2011/6/15 Sean Owen <sr...@gmail.com>

> The features all take on non-negative values here, right?
> Then the cosine can't be negative.
>
> In another context, where features could be negative, cosine could
> indeed be negative. -1 means most dissimilar of all -- the feature
> vectors are exactly opposed.
>
> On Wed, Jun 15, 2011 at 10:10 AM, Stefan Wienert <st...@wienert.cc>
> wrote:
> > Ignoring is no option... so I have to interpret these values.
> > Can one say that documents with similarity = -1 are the less similar
> > documents? I don't think this is right.
> > Any other assumptions?
>

Re: tf-idf + svd + cosine similarity

Posted by Sean Owen <sr...@gmail.com>.

The features all take on non-negative values here, right?
Then the cosine can't be negative.

In another context, where features could be negative, cosine could
indeed be negative. -1 means most dissimilar of all -- the feature
vectors are exactly opposed.

On Wed, Jun 15, 2011 at 10:10 AM, Stefan Wienert <st...@wienert.cc> wrote:
> Ignoring is no option... so I have to interpret these values.
> Can one say that documents with similarity = -1 are the less similar
> documents?
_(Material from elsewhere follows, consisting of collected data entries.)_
(* Let $\mathbf A$ be a semisimple Pavelka algebra and $O\colon A\to A$ a closure operator. The following are equivalent: (i) $\mathbf r\cdot O(x)\le O(\mathbf r\cdot x)$ for all $x\in A$ and all constants $\mathbf r$; (ii) there exist a set $G$ and a fuzzy relation $I\colon\mathrm{Spec_M}\mathbf A\times G\to[0,1]$ (a fuzzy formal context $(\mathrm{Spec_M}\mathbf A,G,I)$) such that $n_{\mathbf A}(O(x))=h_I(d_I(n_{\mathbf A}(x)))$ for all $x\in A$.
   Context: An MV-algebra $(A;\oplus,\neg,0)$ carries derived operations $1=\neg0$, $x\cdot y=\neg(\neg x\oplus\neg y)$, $x\rightarrow y=\neg x\oplus y$, order $x\le y$ iff $\neg x\oplus y=1$. The standard MV-algebra is $[0,1]$ with $x\oplus y=\min\{x+y,1\}$, $\neg x=1-x$ (so $x\cdot y=\max\{0,x+y-1\}$, $x\rightarrow y=\min\{1,1-x+y\}$). A Pavelka algebra is $\mathbf A=(A;\oplus,\neg,\{\mathbf r\mid r\in[0,1]\cap\mathbb Q\})$ with $(A;\oplus,\neg,\mathbf 0)$ an MV-algebra, $\mathbf r\oplus\mathbf s=\mathbf t$ whenever $\min\{r+s,1\}=t$, $\neg\mathbf r=\mathbf s$ whenever $1-r=s$. Filters are filters of the MV-reduct; $\mathrm{Spec_M}\mathbf A$ is the set of maximal proper filters; for $F\in\mathrm{Spec_M}\mathbf A$, $\mathbf A/F$ embeds uniquely into $[0,1]$ and $x/F$ is identified with its image in $[0,1]$. Semisimple: MV-reduct is a subdirect product of simple MV-algebras. Natural embedding $n_{\mathbf A}\colon A\to[0,1]^{\mathrm{Spec_M}\mathbf A}$, $n_{\mathbf A}(x)(F)=x/F$. A closure operator is a monotone $O$ with $x\le O(x)$, $O(O(x))=O(x)$. For $I\colon M\times G\to[0,1]$ (with $M=\mathrm{Spec_M}\mathbf A$): $d_I\colon[0,1]^M\to[0,1]^G$, $d_I(x)(g)=\bigwedge_{m\in M}(x(m)\rightarrow I(m,g))$; $h_I\colon[0,1]^G\to[0,1]^M$, $h_I(y)(m)=\bigwedge_{g\in G}(y(g)\rightarrow I(m,g))$. *)

theory Defs
  imports Complex_Main
begin

text \<open>An algebra is given on the carrier UNIV of a type 'a by operations
  oplus, neg and rational constants c (only c r for r in [0,1] are meaningful).
  The MV-zero is the constant c 0.\<close>

definition mv_algebra :: "('a \<Rightarrow> 'a \<Rightarrow> 'a) \<Rightarrow> ('a \<Rightarrow> 'a) \<Rightarrow> 'a \<Rightarrow> bool" where
  "mv_algebra oplus neg zero \<longleftrightarrow>
     (\<forall>x y z. oplus x (oplus y z) = oplus (oplus x y) z) \<and>
     (\<forall>x y. oplus x y = oplus y x) \<and>
     (\<forall>x. oplus x zero = x) \<and>
     (\<forall>x. neg (neg x) = x) \<and>
     (\<forall>x. oplus x (neg zero) = neg zero) \<and>
     (\<forall>x y. oplus (neg (oplus (neg x) y)) y = oplus (neg (oplus (neg y) x)) x)"

definition rat01 :: "rat set" where
  "rat01 = {r. 0 \<le> r \<and> r \<le> 1}"

definition pavelka_algebra :: "('a \<Rightarrow> 'a \<Rightarrow> 'a) \<Rightarrow> ('a \<Rightarrow> 'a) \<Rightarrow> (rat \<Rightarrow> 'a) \<Rightarrow> bool" where
  "pavelka_algebra oplus neg c \<longleftrightarrow>
     mv_algebra oplus neg (c 0) \<and>
     (\<forall>r\<in>rat01. \<forall>s\<in>rat01. oplus (c r) (c s) = c (min (r + s) 1)) \<and>
     (\<forall>r\<in>rat01. neg (c r) = c (1 - r))"

definition mv_one :: "('a \<Rightarrow> 'a) \<Rightarrow> 'a \<Rightarrow> 'a" where
  "mv_one neg zero = neg zero"

definition mv_mult :: "('a \<Rightarrow> 'a \<Rightarrow> 'a) \<Rightarrow> ('a \<Rightarrow> 'a) \<Rightarrow> 'a \<Rightarrow> 'a \<Rightarrow> 'a" where
  "mv_mult oplus neg x y = neg (oplus (neg x) (neg y))"

definition mv_le :: "('a \<Rightarrow> 'a \<Rightarrow> 'a) \<Rightarrow> ('a \<Rightarrow> 'a) \<Rightarrow> 'a \<Rightarrow> 'a \<Rightarrow> 'a \<Rightarrow> bool" where
  "mv_le oplus neg zero x y \<longleftrightarrow> oplus (neg x) y = mv_one neg zero"

definition mv_filter :: "('a \<Rightarrow> 'a \<Rightarrow> 'a) \<Rightarrow> ('a \<Rightarrow> 'a) \<Rightarrow> 'a \<Rightarrow> 'a set \<Rightarrow> bool" where
  "mv_filter oplus neg zero F \<longleftrightarrow>
     mv_one neg zero \<in> F \<and>
     (\<forall>x\<in>F. \<forall>y\<in>F. mv_mult oplus neg x y \<in> F) \<and>
     (\<forall>x\<in>F. \<forall>y. mv_le oplus neg zero x y \<longrightarrow> y \<in> F)"

definition max_filter :: "('a \<Rightarrow> 'a \<Rightarrow> 'a) \<Rightarrow> ('a \<Rightarrow> 'a) \<Rightarrow> 'a \<Rightarrow> 'a set \<Rightarrow> bool" where
  "max_filter oplus neg zero F \<longleftrightarrow>
     mv_filter oplus neg zero F \<and> F \<noteq> UNIV \<and>
     (\<forall>H. mv_filter oplus neg zero H \<and> H \<noteq> UNIV \<and> F \<subseteq> H \<longrightarrow> H = F)"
I don't think this is right.
> Any other assumptions?

Re: tf-idf + svd + cosine similarity

Posted by Stefan Wienert <st...@wienert.cc>.

Ignoring is no option... so I have to interpret these values.
Can one say that documents with similarity = -1 are the less similar
documents? I don't think this is right.
Any other assumptions?

2011/6/15 Fernando Fernández <fe...@gmail.com>:
> One question that I think it has not been answered yet is that of the
> negative simliarities. In literature you can find that similiarity=-1 means
> that "documents talk about opposite topics", but I think this is a quite
> abstract idea... I just ignore them, when I'm trying to find top-k similar
> documents these surely won't be useful. I read recently that this has to do
> with the assumptions in SVD which is designed for normal distributions (This
> implies the posibility of negative values). There are other techniques
> (Non-negative factorization) that tries to solve this. I don't know if
> there's something in mahout about this.
>
> Best,
>
> Fernando.
>
> 2011/6/15 Ted Dunning <te...@gmail.com>
>
>> The normal terminology is to name U and V in SVD as "singular vectors" as
>> opposed to eigenvectors.  The term eigenvectors is normally reserved for
>> the
>> symmetric case of U S U'  (more generally, the Hermitian case, but we only
>> support real values).
>>
>> On Wed, Jun 15, 2011 at 12:35 AM, Dmitriy Lyubimov <dlieu.7@gmail.com
>> >wrote:
>>
>> > I beg to differ... U and V are left and right eigenvectors, and
>> > singular values is denoted as Sigma (which is a square root of eigen
>> > values of the AA' as you correctly pointed out) .
>> >
>>
>



-- 
Stefan Wienert

http://www.wienert.cc
stefan@wienert.cc

Telefon: +495251-2026838
Mobil: +49176-40170270

Re: tf-idf + svd + cosine similarity

Posted by Fernando Fernández <fe...@gmail.com>.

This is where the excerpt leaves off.